Task to complete - The line bearing "m] 2 by simp", together with all lines after it to the end of the material, should be repeated exactly; leave out everything else.

*** Records for the task ***

lemma grid_slope_increment_nonneg:
  fixes t :: "nat \<Rightarrow> real" and C :: "real \<Rightarrow> real"
  assumes t_mono: "\<And>m. m < M \<Longrightarrow> t m < t (Suc m)"
    and C_convex: "convex_on UNIV C" and C_slope: "mono (\<lambda>x. C x + x)"
    and C_nonneg: "\<And>x. 0 \<le> C x" and C_last: "C (t M) = 0" and "m \<le> M"
  shows "0 \<le> grid_slope t (\<lambda>m. C (t m)) M (Suc m) - grid_slope t (\<lambda>m. C (t m)) M m"
proof -
  consider "m = 0" "0 < M" | "0 < m" "m < M" | "m = M"
    using \<open>m \<le> M\<close> by linarith
  then show ?thesis
  proof cases
    case 1
    have "C (t 0) + t 0 \<le> C (t 1) + t 1"
      using monoD[OF C_slope] t_mono[OF 1(2)] by simp
    then have "-1 \<le> (C (t 1) - C (t 0)) / (t 1 - t 0)"
      using t_mono[OF 1(2)] by (simp add: field_simps)
    then show ?thesis
      using 1 by (simp add: grid_slope_def)
  next
    case 2
    have "(C (t (m - 1)) - C (t m)) / (t (m - 1) - t m) \<le> (C (t m) - C (t (Suc m))) / (t m - t (Suc m))"
      using convex_on_slope_le[OF C_convex, of "t (m - 1)" "t (Suc m)" "t m"]
        t_mono[of "m - 1"] t_mono[of m] 2 by simp
    then have "(C (t m) - C (t (m - 1))) / (t m - t (m - 1)) \<le> (C (t (Suc m)) - C (t m)) / (t (Suc m) - t m)"
      by (metis minus_diff_eq minus_divide_divide)
    then show ?thesis
      using 2 by (simp add: grid_slope_def)
  next
    case 3
    have "(C (t M) - C (t (M - 1))) / (t M - t (M - 1)) \<le> 0" if "0 < M"
      using t_mono[of "M - 1"] that C_last C_nonneg[of "t (M - 1)"] by (intro divide_nonpos_pos) auto
    then show ?thesis
      using 3 by (simp add: grid_slope_def)
  qed
qed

*** End of Records for the task ***

Result for this exercise -
        t_mono[of "m - 1"] t_mono[of m] 2 by simp
    then have "(C (t m) - C (t (m - 1))) / (t m - t (m - 1)) \<le> (C (t (Suc m)) - C (t m)) / (t (Suc m) - t m)"
      by (metis minus_diff_eq minus_divide_divide)
    then show ?thesis
      using 2 by (simp add: grid_slope_def)
  next
    case 3
    have "(C (t M) - C (t (M - 1))) / (t M - t (M - 1)) \<le> 0" if "0 < M"
      using t_mono[of "M - 1"] that C_last C_nonneg[of "t (M - 1)"] by (intro divide_nonpos_pos) auto
    then show ?thesis
      using 3 by (simp add: grid_slope_def)
  qed
qed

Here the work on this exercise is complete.